WHAT TO WORK ON
List the lines of this listing that hold the word "which".

╔══

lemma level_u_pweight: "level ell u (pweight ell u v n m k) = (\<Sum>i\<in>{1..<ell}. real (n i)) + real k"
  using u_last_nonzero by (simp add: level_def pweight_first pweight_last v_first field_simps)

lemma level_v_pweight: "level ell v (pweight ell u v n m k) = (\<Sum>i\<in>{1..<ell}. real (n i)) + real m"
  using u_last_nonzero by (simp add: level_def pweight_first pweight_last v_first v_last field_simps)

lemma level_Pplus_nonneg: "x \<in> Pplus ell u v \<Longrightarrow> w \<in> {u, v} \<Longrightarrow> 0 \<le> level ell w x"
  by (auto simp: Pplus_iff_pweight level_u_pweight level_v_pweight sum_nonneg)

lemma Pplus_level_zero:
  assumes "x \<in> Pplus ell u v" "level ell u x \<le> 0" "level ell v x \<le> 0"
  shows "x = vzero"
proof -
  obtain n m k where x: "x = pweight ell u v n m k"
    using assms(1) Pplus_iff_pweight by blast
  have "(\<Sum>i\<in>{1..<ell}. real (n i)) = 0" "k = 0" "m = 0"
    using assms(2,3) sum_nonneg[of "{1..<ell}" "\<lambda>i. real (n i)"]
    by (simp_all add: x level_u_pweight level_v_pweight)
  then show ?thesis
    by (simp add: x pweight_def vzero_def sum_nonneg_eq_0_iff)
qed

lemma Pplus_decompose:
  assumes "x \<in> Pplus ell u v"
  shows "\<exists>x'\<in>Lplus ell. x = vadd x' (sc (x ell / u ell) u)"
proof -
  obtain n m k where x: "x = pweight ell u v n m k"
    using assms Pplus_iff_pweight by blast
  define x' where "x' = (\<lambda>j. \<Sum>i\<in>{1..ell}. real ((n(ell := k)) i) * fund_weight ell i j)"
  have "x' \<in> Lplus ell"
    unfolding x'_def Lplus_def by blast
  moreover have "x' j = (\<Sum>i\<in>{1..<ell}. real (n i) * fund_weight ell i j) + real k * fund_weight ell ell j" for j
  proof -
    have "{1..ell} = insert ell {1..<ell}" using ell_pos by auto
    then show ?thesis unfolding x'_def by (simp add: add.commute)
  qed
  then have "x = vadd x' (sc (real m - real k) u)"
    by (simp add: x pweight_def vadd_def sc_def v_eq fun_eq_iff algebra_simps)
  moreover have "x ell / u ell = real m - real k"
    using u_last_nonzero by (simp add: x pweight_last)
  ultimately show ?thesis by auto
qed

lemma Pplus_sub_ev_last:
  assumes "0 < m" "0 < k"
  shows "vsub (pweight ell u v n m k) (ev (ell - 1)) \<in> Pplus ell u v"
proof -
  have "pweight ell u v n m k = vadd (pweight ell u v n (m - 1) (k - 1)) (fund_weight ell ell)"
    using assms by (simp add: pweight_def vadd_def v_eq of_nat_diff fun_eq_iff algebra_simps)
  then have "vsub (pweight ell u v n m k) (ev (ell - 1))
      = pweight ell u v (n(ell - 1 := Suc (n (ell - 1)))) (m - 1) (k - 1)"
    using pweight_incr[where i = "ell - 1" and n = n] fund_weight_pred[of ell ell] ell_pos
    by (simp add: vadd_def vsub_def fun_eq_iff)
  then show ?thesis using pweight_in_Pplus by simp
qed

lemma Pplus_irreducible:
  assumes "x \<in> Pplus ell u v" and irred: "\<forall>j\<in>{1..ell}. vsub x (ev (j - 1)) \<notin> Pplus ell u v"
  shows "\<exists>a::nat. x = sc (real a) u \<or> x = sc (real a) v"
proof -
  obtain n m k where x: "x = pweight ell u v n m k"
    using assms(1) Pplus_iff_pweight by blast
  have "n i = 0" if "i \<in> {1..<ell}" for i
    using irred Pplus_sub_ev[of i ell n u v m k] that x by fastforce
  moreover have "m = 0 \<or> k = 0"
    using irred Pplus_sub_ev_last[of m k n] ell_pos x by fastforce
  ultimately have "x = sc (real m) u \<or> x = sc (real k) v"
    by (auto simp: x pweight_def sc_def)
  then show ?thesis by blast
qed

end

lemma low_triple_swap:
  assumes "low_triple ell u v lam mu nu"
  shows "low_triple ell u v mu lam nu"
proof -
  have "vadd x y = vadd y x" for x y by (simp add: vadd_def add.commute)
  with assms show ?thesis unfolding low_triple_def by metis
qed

╚══
╔══

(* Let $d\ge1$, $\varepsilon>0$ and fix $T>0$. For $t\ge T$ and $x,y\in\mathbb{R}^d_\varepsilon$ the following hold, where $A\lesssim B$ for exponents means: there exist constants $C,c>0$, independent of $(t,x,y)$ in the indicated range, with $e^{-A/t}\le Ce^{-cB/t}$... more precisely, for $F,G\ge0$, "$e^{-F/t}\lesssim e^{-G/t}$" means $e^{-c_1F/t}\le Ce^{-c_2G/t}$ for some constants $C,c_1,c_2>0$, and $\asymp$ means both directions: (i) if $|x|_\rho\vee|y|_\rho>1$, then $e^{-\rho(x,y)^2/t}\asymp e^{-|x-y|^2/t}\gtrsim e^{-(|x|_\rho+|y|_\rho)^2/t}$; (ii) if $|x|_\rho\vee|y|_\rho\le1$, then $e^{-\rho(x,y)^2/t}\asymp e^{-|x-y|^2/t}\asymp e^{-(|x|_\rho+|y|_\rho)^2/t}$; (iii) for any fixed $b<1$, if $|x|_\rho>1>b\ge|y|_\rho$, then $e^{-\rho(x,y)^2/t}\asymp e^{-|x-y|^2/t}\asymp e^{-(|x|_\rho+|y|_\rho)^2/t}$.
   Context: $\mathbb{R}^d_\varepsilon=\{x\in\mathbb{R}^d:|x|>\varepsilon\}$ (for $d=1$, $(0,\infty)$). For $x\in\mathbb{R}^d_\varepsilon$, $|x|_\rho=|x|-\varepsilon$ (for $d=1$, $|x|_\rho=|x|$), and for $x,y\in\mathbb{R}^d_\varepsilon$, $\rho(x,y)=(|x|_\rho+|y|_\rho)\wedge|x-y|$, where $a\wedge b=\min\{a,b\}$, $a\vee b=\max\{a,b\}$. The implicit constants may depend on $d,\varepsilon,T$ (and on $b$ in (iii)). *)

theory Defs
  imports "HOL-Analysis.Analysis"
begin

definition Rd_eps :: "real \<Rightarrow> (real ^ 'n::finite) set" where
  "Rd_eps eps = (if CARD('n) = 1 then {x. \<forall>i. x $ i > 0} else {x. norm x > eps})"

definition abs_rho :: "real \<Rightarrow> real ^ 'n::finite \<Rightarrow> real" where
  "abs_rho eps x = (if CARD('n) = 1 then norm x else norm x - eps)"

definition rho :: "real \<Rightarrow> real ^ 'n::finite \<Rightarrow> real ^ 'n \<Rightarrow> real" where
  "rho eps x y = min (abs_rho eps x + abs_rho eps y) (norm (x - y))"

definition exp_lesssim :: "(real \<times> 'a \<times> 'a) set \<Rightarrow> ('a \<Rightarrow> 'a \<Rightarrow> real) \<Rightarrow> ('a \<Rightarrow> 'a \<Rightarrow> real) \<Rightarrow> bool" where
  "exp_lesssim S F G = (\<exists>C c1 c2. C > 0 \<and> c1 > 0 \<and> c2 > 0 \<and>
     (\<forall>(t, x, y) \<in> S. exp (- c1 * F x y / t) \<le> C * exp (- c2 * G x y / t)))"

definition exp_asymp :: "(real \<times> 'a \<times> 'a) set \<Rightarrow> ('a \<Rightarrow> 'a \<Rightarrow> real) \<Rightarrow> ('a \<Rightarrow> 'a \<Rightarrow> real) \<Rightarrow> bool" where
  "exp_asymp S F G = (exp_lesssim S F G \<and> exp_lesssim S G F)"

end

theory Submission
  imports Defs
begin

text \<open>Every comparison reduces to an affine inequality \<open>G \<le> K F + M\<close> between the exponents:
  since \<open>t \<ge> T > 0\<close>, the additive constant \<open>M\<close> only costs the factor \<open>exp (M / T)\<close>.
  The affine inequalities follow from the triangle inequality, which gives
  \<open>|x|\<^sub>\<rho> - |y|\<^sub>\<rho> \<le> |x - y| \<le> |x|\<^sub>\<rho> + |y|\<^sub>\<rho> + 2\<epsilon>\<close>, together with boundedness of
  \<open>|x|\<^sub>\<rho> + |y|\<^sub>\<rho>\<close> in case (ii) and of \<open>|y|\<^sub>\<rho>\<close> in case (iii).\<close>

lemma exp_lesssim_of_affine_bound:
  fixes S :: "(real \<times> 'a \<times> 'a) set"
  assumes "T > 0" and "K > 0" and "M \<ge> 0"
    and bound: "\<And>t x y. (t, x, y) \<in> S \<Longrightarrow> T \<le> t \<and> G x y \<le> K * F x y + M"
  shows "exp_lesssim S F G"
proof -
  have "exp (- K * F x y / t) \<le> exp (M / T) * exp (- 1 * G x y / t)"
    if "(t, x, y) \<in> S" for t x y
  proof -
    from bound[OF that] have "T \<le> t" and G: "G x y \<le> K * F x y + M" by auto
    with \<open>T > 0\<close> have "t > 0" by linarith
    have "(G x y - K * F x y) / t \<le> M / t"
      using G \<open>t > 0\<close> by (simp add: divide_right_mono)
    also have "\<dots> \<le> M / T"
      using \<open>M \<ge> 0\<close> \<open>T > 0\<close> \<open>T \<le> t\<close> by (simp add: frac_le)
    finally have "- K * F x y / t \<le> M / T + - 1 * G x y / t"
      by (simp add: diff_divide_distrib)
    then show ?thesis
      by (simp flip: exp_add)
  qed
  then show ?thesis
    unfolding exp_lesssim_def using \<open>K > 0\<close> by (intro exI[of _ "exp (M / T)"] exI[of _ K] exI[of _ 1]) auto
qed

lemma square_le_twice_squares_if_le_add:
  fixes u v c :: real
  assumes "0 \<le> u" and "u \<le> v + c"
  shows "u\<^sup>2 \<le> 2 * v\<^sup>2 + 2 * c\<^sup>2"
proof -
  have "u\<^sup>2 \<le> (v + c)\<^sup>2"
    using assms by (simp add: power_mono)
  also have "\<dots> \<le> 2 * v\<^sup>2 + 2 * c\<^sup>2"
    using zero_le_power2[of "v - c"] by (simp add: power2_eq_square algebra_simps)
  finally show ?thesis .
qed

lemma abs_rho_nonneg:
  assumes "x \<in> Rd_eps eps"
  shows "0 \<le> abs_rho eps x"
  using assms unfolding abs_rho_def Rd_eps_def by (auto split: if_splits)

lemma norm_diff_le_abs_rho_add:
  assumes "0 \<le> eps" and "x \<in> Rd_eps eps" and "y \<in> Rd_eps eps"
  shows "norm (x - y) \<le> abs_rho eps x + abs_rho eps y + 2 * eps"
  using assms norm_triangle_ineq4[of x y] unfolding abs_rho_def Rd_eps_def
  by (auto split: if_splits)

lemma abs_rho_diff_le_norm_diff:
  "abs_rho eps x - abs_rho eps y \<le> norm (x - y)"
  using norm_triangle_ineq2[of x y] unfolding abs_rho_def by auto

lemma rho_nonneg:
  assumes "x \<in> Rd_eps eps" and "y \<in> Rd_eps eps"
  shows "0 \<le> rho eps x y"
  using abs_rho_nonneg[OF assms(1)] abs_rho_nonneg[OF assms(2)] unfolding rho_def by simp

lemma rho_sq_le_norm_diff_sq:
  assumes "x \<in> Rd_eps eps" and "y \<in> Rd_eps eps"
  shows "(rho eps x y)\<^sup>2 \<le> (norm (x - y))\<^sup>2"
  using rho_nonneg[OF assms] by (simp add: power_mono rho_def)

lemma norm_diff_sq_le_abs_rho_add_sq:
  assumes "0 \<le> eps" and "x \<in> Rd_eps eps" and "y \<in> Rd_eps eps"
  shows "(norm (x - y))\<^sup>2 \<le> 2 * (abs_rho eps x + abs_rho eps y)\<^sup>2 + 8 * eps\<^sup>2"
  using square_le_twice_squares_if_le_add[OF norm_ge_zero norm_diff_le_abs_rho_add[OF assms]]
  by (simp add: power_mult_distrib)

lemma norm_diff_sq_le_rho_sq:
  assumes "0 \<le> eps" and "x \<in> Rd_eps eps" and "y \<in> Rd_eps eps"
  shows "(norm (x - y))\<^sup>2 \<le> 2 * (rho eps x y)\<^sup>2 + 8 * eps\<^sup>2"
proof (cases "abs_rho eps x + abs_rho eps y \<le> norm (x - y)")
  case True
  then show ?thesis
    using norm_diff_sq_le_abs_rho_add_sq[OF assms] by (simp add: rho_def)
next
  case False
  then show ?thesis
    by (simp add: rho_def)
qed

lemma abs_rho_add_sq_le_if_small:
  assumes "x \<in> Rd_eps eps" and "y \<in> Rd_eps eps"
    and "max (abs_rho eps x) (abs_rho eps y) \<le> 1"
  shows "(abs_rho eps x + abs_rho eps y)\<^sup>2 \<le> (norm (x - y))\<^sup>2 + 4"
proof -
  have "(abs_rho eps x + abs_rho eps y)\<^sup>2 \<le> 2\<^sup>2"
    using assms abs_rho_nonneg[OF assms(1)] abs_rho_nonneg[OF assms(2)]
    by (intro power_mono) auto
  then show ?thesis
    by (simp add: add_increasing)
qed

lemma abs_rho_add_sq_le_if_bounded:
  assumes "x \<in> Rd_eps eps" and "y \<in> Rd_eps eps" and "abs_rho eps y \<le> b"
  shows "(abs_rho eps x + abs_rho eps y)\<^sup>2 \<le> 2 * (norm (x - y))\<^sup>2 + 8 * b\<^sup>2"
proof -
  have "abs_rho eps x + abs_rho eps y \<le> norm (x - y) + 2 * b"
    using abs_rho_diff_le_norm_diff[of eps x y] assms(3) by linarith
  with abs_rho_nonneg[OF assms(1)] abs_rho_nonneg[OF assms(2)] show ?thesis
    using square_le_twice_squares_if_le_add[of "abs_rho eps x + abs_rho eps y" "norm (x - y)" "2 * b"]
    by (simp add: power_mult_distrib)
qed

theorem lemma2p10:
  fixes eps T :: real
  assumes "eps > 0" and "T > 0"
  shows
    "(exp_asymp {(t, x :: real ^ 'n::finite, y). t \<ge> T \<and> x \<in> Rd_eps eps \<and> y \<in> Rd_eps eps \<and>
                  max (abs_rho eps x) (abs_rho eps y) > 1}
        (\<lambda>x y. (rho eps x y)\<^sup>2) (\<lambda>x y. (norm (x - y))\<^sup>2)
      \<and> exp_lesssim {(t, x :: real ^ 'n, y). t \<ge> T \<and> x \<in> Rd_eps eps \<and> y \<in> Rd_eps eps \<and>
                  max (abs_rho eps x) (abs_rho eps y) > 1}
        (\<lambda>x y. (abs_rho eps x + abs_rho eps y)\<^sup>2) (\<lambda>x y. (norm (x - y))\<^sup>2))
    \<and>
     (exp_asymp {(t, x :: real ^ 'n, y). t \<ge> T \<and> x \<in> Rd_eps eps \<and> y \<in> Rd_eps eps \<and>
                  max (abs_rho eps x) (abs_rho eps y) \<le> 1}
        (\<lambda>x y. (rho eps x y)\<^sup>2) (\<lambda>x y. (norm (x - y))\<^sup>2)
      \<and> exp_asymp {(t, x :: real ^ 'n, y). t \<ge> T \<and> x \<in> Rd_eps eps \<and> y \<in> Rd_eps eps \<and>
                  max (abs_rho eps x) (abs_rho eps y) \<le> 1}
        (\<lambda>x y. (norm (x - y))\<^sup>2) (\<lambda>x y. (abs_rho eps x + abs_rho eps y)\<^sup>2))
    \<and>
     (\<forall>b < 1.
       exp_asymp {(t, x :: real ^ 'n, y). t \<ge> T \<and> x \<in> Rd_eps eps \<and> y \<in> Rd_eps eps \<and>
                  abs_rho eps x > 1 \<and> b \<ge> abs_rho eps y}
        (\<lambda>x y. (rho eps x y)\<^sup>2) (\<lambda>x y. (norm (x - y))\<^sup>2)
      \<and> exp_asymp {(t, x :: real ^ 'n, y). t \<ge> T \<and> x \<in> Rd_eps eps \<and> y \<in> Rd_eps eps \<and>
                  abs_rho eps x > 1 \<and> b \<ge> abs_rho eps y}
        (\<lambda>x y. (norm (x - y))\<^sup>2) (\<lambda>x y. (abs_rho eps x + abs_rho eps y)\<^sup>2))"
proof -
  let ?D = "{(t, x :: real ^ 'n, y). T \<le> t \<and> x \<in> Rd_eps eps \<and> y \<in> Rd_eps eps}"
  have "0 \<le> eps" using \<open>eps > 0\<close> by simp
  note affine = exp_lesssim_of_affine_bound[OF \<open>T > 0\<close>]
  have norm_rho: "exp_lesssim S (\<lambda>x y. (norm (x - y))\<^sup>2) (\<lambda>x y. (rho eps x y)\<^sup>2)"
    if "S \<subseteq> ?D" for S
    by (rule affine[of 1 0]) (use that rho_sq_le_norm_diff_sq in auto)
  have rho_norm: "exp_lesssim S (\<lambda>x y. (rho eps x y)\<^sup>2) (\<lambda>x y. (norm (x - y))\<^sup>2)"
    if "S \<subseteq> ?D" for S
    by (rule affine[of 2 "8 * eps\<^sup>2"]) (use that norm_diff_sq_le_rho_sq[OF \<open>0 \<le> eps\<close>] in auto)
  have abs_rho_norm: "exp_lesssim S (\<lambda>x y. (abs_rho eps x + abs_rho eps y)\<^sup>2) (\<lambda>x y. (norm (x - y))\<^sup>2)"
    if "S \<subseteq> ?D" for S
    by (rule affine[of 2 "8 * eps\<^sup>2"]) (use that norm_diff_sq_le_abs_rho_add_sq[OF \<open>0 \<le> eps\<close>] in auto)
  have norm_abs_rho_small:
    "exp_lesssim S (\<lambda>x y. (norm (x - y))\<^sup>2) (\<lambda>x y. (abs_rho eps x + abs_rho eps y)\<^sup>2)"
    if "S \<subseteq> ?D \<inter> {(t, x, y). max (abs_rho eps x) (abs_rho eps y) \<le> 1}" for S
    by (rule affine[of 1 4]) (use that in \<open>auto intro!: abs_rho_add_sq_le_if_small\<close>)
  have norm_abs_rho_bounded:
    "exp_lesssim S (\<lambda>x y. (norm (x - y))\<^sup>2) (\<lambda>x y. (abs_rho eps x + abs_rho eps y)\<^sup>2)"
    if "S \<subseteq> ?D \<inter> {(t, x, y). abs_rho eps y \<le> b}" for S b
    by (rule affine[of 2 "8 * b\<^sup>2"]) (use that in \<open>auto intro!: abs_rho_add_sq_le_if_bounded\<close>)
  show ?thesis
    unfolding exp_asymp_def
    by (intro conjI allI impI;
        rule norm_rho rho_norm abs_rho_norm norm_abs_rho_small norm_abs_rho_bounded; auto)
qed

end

╚══
╔══

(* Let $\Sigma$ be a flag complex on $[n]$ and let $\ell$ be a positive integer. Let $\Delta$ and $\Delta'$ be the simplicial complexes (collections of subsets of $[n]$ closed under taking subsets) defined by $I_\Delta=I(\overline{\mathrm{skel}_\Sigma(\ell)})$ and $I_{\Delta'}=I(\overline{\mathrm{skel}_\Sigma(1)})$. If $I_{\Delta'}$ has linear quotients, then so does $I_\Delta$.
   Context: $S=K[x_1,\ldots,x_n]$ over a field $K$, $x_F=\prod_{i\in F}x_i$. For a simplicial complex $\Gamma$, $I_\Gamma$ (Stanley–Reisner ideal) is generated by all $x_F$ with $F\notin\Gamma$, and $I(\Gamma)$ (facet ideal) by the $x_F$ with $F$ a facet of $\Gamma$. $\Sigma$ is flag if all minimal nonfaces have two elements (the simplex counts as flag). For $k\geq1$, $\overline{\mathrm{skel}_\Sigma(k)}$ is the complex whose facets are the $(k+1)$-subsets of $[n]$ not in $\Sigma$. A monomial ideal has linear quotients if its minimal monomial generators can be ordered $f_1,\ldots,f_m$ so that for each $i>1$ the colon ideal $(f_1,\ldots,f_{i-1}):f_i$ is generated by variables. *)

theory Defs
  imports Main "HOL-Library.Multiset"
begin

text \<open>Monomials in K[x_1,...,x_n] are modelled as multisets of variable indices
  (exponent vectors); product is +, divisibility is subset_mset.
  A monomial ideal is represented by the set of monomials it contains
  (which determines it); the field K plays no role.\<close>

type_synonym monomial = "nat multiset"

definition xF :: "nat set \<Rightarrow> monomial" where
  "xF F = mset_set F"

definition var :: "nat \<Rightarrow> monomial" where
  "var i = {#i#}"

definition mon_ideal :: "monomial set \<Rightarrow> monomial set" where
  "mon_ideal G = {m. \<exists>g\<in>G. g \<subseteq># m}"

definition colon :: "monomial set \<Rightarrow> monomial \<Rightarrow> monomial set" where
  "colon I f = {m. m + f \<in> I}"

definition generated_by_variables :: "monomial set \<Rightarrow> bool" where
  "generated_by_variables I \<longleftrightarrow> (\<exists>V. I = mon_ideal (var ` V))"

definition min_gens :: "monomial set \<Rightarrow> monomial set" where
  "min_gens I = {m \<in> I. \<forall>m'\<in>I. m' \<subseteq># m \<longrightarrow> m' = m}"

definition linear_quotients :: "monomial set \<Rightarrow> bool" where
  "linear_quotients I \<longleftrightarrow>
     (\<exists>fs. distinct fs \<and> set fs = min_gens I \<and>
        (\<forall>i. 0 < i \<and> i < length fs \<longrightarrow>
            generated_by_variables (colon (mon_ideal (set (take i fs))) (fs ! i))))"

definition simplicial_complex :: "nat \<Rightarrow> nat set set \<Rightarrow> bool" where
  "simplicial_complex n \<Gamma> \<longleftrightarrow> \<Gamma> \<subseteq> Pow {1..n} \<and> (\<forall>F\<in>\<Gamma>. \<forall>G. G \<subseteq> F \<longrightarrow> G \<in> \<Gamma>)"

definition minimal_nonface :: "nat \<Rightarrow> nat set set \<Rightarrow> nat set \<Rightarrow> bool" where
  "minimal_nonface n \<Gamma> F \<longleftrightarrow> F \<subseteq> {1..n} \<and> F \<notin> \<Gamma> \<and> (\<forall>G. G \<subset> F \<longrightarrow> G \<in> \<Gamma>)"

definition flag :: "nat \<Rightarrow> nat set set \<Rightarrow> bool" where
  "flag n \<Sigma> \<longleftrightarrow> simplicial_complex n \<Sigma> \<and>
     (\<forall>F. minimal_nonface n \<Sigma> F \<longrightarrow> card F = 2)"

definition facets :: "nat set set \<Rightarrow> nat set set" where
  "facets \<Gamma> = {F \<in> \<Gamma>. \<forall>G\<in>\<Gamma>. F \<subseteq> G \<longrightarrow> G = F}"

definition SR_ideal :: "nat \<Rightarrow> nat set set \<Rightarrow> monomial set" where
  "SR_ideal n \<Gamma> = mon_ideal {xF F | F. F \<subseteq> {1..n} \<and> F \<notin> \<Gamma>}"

╚══

WRITTEN ANSWER
  The affine inequalities follow from the triangle inequality, which gives
  (which determines it); the field K plays no role.\<close>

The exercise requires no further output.